Other interesting facts dealt with in the pamphlet are the methods by which the capitalist administrative powers corrupt the institutions of the natives. The chiefs become transformed from guardians of their people into the agents of the oppressors. The compulsory labour ordinances, which are found necessary as a supplement to taxation, are enforced by their aid. The result is the development of native organisations in opposition to the whole machinery of government, which the missionaries strive to bring into constitutional channels. Early in 1922, the arrest of the Secretary of one of these native bodies led to a mass protest in Nairobi, and the slaughter of about thirty natives by the police as a reply. (This occurrence was dealt with in more detail in these columns in the issue of July, 1922). In one detail, the pamphlet under review is, here, inaccurate. No attempt was made by the crowd to rush the “prison” where Thuku was detained. The approach of a detachment of troops created a stampede, during which the armed police in the lines lost their heads and fired without orders!

What relationship does this enslavement bear to that of the workers in Europe? Here the pamphlet is confusing. Apparently the authors consider that the workers pay the taxes by which interest on development loans is guaranteed. It should be obvious however that if the taxes were not raised for that purpose the workers would gain nothing. The “saving'' would simply benefit some other section of their exploiters.
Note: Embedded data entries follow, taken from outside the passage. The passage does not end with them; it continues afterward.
(* Let $c>0$, $\epsilon>0$, $T>0$, and let $\{\phi^j_t\}_{j\ge0}$, $t\in[0,T]$, be the solution of the infinite system $$\dot\phi^0_t=(\phi^0_t)^2-\epsilon,\ \phi^0_T=c;\qquad \dot\phi^1_t=2\phi^0_t\phi^1_t+\epsilon,\ \phi^1_T=-c;\qquad \dot\phi^j_t=\sum_{k=0}^{j}\phi^k_t\phi^{j-k}_t,\ \phi^j_T=0\ (j\ge2).$$ Then for every $t\in[0,T]$, $$\phi^0_t=\frac{(-\epsilon-c\sqrt\epsilon)e^{2\sqrt\epsilon(T-t)}+\epsilon-c\sqrt\epsilon}{(-\sqrt\epsilon-c)e^{2\sqrt\epsilon(T-t)}-\sqrt\epsilon+c}>0,$$ the series $\sum_{j\ge0}\phi^j_t$ converges and $\sum_{j=0}^\infty\phi^j_t=0$. Moreover the generating function $S_t(z)=\sum_{k\ge0}z^k\phi^k_t$ satisfies $S_t(1)=0$ and, for $0\le z<1$ (writing $w=\sqrt{\epsilon(1-z)}$), $$S_t(z)=\frac{(-\epsilon(1-z)-c\,w(1-z))e^{2w(T-t)}+\epsilon(1-z)-c\,w(1-z)}{(-w-c(1-z))e^{2w(T-t)}-w+c(1-z)},$$ so the $\phi^k_t$ are the Taylor coefficients of this function in $z$.
   Context: Note that each equation for $\phi^j$ involves only $\phi^0,\dots,\phi^j$ (the equation for $\phi^j$, $j\ge1$, is linear in $\phi^j$ given the lower-index functions), so the system is solved recursively. *)

theory Defs
  imports "HOL-Analysis.Analysis"
begin

end

theory Submission
  imports Defs
begin

text \<open>
  The signs are forced: for \<open>j \<ge> 1\<close> the equation for \<open>\<phi>\<^sup>j\<close> is linear in \<open>\<phi>\<^sup>j\<close> with a nonnegative
  source, so \<open>\<phi>\<^sup>j \<le> 0\<close> by induction on \<open>j\<close>; and the partial sums \<open>P\<^sub>n = \<Sum>\<^sub>k\<^sub><\<^sub>n \<phi>\<^sup>k\<close> (\<open>n \<ge> 2\<close>)
  satisfy \<open>P\<^sub>n' \<le> P\<^sub>n\<^sup>2\<close> and vanish at \<open>T\<close>, hence stay nonnegative. Thus \<open>|\<phi>\<^sup>k| \<le> \<phi>\<^sup>0\<close>, so for
  \<open>0 \<le> z < 1\<close> the generating function \<open>S(z) = \<Sum> z\<^sup>k \<phi>\<^sup>k\<close> can be differentiated termwise; by the
  Cauchy product it solves the scalar Riccati equation \<open>S' = S\<^sup>2 - \<epsilon>(1 - z)\<close> with \<open>S(T) = c(1 - z)\<close>,
  whose solution is explicit and unique by a comparison argument. Taking \<open>z = 0\<close> gives \<open>\<phi>\<^sup>0\<close>.
  Finally \<open>\<Sum> \<phi>\<^sup>k\<close> converges absolutely, is nonnegative, and is bounded by
  \<open>S(z) \<le> c(1 - z) + \<surd>(\<epsilon>(1 - z))\<close>, which tends to \<open>0\<close> as \<open>z \<rightarrow> 1\<close>.\<close>

lemma summable_Suc_times_power:
  fixes z :: real
  assumes "0 \<le> z" "z < 1"
  shows "summable (\<lambda>k. real (Suc k) * z ^ k)"
proof -
  have "summable (\<lambda>k. diffs (\<lambda>_. 1::real) k * z ^ k)"
    by (rule termdiff_converges[where K = 1]) (use assms in auto)
  then show ?thesis by (simp add: diffs_def)
qed

definition dipole :: "real \<Rightarrow> nat \<Rightarrow> real" where
  "dipole x k = (if k = 0 then x else if k = 1 then - x else 0)"

lemma sum_lessThan_dipole:
  assumes "2 \<le> n"
  shows "(\<Sum>k<n. dipole x k) = 0"
proof -
  have "(\<Sum>k<n. dipole x k) = (\<Sum>k\<in>{0,1}. dipole x k)"
    using assms by (intro sum.mono_neutral_right) (auto simp: dipole_def)
  then show ?thesis by (simp add: dipole_def)
qed

lemma sums_power_dipole: "(\<lambda>k. z ^ k * dipole x k) sums (x * (1 - z))"
proof -
  have "(\<lambda>k. z ^ k * dipole x k) sums (\<Sum>k\<in>{0,1}. z ^ k * dipole x k)"
    by (rule sums_finite) (auto simp: dipole_def)
  then show ?thesis by (simp add: dipole_def algebra_simps)
qed

lemma abs_dipole_le: "\<bar>dipole x k\<bar> \<le> \<bar>x\<bar>"
  by (simp add: dipole_def)

lemma sum_convolution_le_square:
  fixes x :: "nat \<Rightarrow> 'a::linordered_idom"
  assumes "\<And>i. 1 \<le> i \<Longrightarrow> x i \<le> 0"
  shows "(\<Sum>k<n. \<Sum>i=0..k. x i * x (k - i)) \<le> (\<Sum>k<n. x k) ^ 2"
proof -
  have "(\<Sum>k<n. \<Sum>i=0..k. x i * x (k - i)) = (\<Sum>(i, j)\<in>{(i, j). i + j < n}. x i * x j)"
    unfolding atLeast0AtMost by (rule sum.triangle_reindex[symmetric])
  also have "\<dots> \<le> (\<Sum>(i, j)\<in>{..<n} \<times> {..<n}. x i * x j)"
  proof (rule sum_mono2)
    fix p assume p: "p \<in> {..<n} \<times> {..<n} - {(i, j). i + j < n}"
    obtain i j where "p = (i, j)" by fastforce
    with p have "x i \<le> 0" "x j \<le> 0" by (auto intro!: assms)
    then show "0 \<le> (case p of (i, j) \<Rightarrow> x i * x j)"
      using \<open>p = (i, j)\<close> by (simp add: mult_nonpos_nonpos)
  qed auto
  also have "\<dots> = (\<Sum>k<n. x k) ^ 2"
    by (simp add: power2_eq_square sum_product sum.cartesian_product)
  finally show ?thesis .
qed

section \<open>A comparison principle for backward differential inequalities\<close>

lemma first_nonneg_point:
  fixes D :: "real \<Rightarrow> real"
  assumes "a \<le> b" "continuous_on {a..b} D" "D a < 0" "0 \<le> D b"
  obtains t where "a < t" "t \<le> b" "0 \<le> D t" "\<And>s. a \<le> s \<Longrightarrow> s < t \<Longrightarrow> D s < 0"
proof -
  define Z where "Z = {a..b} \<inter> D -` {0..}"
  have "closed Z"
    unfolding Z_def by (intro continuous_closed_preimage assms) auto
  moreover have "b \<in> Z" "bdd_below Z"
    using assms by (auto simp: Z_def intro: bdd_belowI[of _ a])
  ultimately have InfZ: "Inf Z \<in> Z"
    using closed_contains_Inf by blast
  show ?thesis
  proof
    show "a < Inf Z" "Inf Z \<le> b" "0 \<le> D (Inf Z)"
      using InfZ assms(3) by (auto simp: Z_def less_eq_real_def)
    show "D s < 0" if "a \<le> s" "s < Inf Z" for s
      using that cInf_lower[OF _ \<open>bdd_below Z\<close>, of s] InfZ by (force simp: Z_def)
  qed
qed

lemma backward_comparison_nonneg:
  fixes D D' q :: "real \<Rightarrow> real"
  assumes der: "\<And>s. s \<in> {a..b} \<Longrightarrow> (D has_real_derivative D' s) (at s within {a..b})"
    and "continuous_on {a..b} q"
    and "0 \<le> D b"
    and ineq: "\<And>s. s \<in> {a..b} \<Longrightarrow> D s < 0 \<Longrightarrow> D' s \<le> q s * D s"
    and t: "t \<in> {a..b}"
  shows "0 \<le> D t"
proof (rule ccontr)
  assume "\<not> 0 \<le> D t"
  have "continuous_on {a..b} D"
    using der by (rule DERIV_continuous_on)
  then have "continuous_on {t..b} D"
    by (rule continuous_on_subset) (use t in auto)
  then obtain t1 where t1: "t < t1" "t1 \<le> b" "0 \<le> D t1" "\<And>s. t \<le> s \<Longrightarrow> s < t1 \<Longrightarrow> D s < 0"
    using first_nonneg_point[of t b D] t \<open>0 \<le> D b\<close> \<open>\<not> 0 \<le> D t\<close> by (metis atLeastAtMost_iff not_le)
  obtain A where A: "\<And>s. s \<in> {a..b} \<Longrightarrow> \<bar>q s\<bar> \<le> A"
    using compact_imp_bounded[OF compact_continuous_image[OF assms(2) compact_Icc]]
    by (force simp: bounded_iff)
  \<comment> \<open>The weight \<open>exp (A s)\<close> makes \<open>h\<close> nonincreasing on \<open>[t, t1]\<close>, yet \<open>D t < 0 \<le> D t1\<close>.\<close>
  define h where "h s = D s * exp (A * s)" for s
  have "h t1 \<le> h t"
  proof (rule DERIV_nonpos_imp_decreasing_open[of t t1 h])
    fix s assume s: "t < s" "s < t1"
    then have "s \<in> {a..b}" "at s within {a..b} = at s"
      using t t1 by (auto intro!: at_within_Icc_at)
    moreover have "D' s \<le> - A * D s"
      using ineq[of s] t1(4)[of s] A[of s] s \<open>s \<in> {a..b}\<close>
      by (smt (verit, best) mult_le_cancel_right mult_minus_left)
    ultimately have "(h has_real_derivative (D' s + A * D s) * exp (A * s)) (at s)"
      using der[of s] unfolding h_def by (auto intro!: derivative_eq_intros simp: algebra_simps)
    moreover have "(D' s + A * D s) * exp (A * s) \<le> 0"
      using \<open>D' s \<le> - A * D s\<close> by (simp add: mult_nonpos_nonneg)
    ultimately show "\<exists>y. DERIV h s :> y \<and> y \<le> 0" by blast
  next
    show "continuous_on {t..t1} h"
      unfolding h_def using \<open>continuous_on {t..b} D\<close> t1
      by (intro continuous_intros) (auto elim: continuous_on_subset)
  qed (use t1 in simp)
  moreover have "h t < 0" "0 \<le> h t1"
    using \<open>\<not> 0 \<le> D t\<close> t1(3) by (auto simp: h_def mult_neg_pos)
  ultimately show False by simp
qed

lemma backward_riccati_unique:
  fixes f g r :: "real \<Rightarrow> real"
  assumes f: "\<And>s. s \<in> {a..b} \<Longrightarrow> (f has_real_derivative f s ^ 2 + r s) (at s within {a..b})"
    and g: "\<And>s. s \<in> {a..b} \<Longrightarrow> (g has_real_derivative g s ^ 2 + r s) (at s within {a..b})"
    and "f b = g b" "t \<in> {a..b}"
  shows "f t = g t"
proof -
  \<comment> \<open>The difference of two solutions satisfies the linear equation \<open>d' = (u + v) d\<close>.\<close>
  have "0 \<le> u t - v t"
    if du: "\<And>s. s \<in> {a..b} \<Longrightarrow> (u has_real_derivative u s ^ 2 + r s) (at s within {a..b})"
      and dv: "\<And>s. s \<in> {a..b} \<Longrightarrow> (v has_real_derivative v s ^ 2 + r s) (at s within {a..b})"
      and "u b = v b" for u v
  proof (rule backward_comparison_nonneg[where D = "\<lambda>s. u s - v s"
        and D' = "\<lambda>s. (u s + v s) * (u s - v s)" and q = "\<lambda>s. u s + v s"])
    show "((\<lambda>s. u s - v s) has_real_derivative (u s + v s) * (u s - v s)) (at s within {a..b})"
      if "s \<in> {a..b}" for s
      using DERIV_diff[OF du[OF that] dv[OF that]] by (simp add: algebra_simps power2_eq_square)
    show "continuous_on {a..b} (\<lambda>s. u s + v s)"
      using DERIV_continuous_on[OF du] DERIV_continuous_on[OF dv] by (intro continuous_intros)
  qed (use \<open>u b = v b\<close> \<open>t \<in> {a..b}\<close> in auto)
  from this[OF f g] this[OF g f] \<open>f b = g b\<close> show ?thesis by simp
qed

section \<open>The scalar Riccati equation\<close>

text \<open>In the time to go \<open>s\<close> this is \<open>u'/u\<close> with \<open>u'' = w\<^sup>2 u\<close>, normalised to the value \<open>a\<close> at \<open>s = 0\<close>.\<close>

definition riccati_solution :: "real \<Rightarrow> real \<Rightarrow> real \<Rightarrow> real" where
  "riccati_solution w a s =
     ((- (w ^ 2) - a * w) * exp (2 * w * s) + w ^ 2 - a * w) / ((- w - a) * exp (2 * w * s) - w + a)"

lemma riccati_solution_eq:
  assumes "0 < w" "0 \<le> a" "0 \<le> s"
  shows "riccati_solution w a s =
    ((w ^ 2 + a * w) * exp (2 * w * s) - w ^ 2 + a * w) / ((w + a) * exp (2 * w * s) + w - a)"
    and "2 * w \<le> (w + a) * exp (2 * w * s) + w - a"
proof -
  have "w + a \<le> (w + a) * exp (2 * w * s)"
    using assms by (simp add: mult_le_cancel_left1)
  then show "2 * w \<le> (w + a) * exp (2 * w * s) + w - a" by simp
  show "riccati_solution w a s =
    ((w ^ 2 + a * w) * exp (2 * w * s) - w ^ 2 + a * w) / ((w + a) * exp (2 * w * s) + w - a)"
  proof -
    have neg: "x / y = (- x) / (- y)" for x y :: real by simp
    show ?thesis
      unfolding riccati_solution_def by (subst (1) neg) (simp add: algebra_simps)
  qed
qed

lemma riccati_solution_bounds:
  assumes "0 < w" "0 \<le> a" "0 \<le> s"
  shows "0 \<le> riccati_solution w a s" "riccati_solution w a s \<le> a + w"
    and "0 < a \<Longrightarrow> 0 < riccati_solution w a s"
proof -
  define E where "E = exp (2 * w * s)"
  define N where "N = (w ^ 2 + a * w) * E - w ^ 2 + a * w"
  have "1 \<le> E" using assms by (simp add: E_def)
  then have "(w ^ 2 + a * w) * 1 \<le> (w ^ 2 + a * w) * E" "a * (w + a) * 1 \<le> a * (w + a) * E"
    using assms by (intro mult_left_mono; simp)+
  moreover have "(a + w) * ((w + a) * E + w - a) - N = a * (w + a) * E - a * (w + a) * 1 + 2 * w ^ 2"
    by (simp add: N_def algebra_simps power2_eq_square)
  moreover have "0 \<le> a * w" using assms by simp
  ultimately have "2 * (a * w) \<le> N" "N \<le> (a + w) * ((w + a) * E + w - a)"
    using N_def by (smt (verit) zero_le_power2)+
  then have "0 \<le> N" "0 < a \<Longrightarrow> 0 < N"
    using assms by (smt (verit) mult_nonneg_nonneg mult_pos_pos)+
  moreover have "riccati_solution w a s = N / ((w + a) * E + w - a)"
    and den: "2 * w \<le> (w + a) * E + w - a"
    using riccati_solution_eq[OF assms] by (simp_all add: E_def N_def)
  ultimately show "0 \<le> riccati_solution w a s" "riccati_solution w a s \<le> a + w"
    and "0 < a \<Longrightarrow> 0 < riccati_solution w a s"
    using assms \<open>N \<le> _\<close> by (auto simp: divide_le_eq)
qed

lemma riccati_solution_0: "0 < w \<Longrightarrow> riccati_solution w a 0 = a"
  unfolding riccati_solution_def by (simp add: field_simps power2_eq_square)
The authors are on firmer ground when they contend that capitalist development abroad is based upon the extended exploitation of the workers at home. The profits on the commodities of all sorts poured into the tropics by European labour go to the employing-class. The workers have thus no interest in extending markets; but that is not all. Sooner or later the point must be reached at which this development will react upon home conditions. The creation of new proletariat in the tropics intensifies the competition between the workers of the world. It renders their standard of life still less secure, and adds to the ranks of the unemployed. Such are the fruits of imperialism for the wage-slaves. Thus they must eventually unite upon the basis of their common interest, emancipation, irrespective of race or colour !
Eric Boden

1 comment:

imposs1904 said...

The author of this review, Eric Boden, lived and worked in East Africa for a number of years.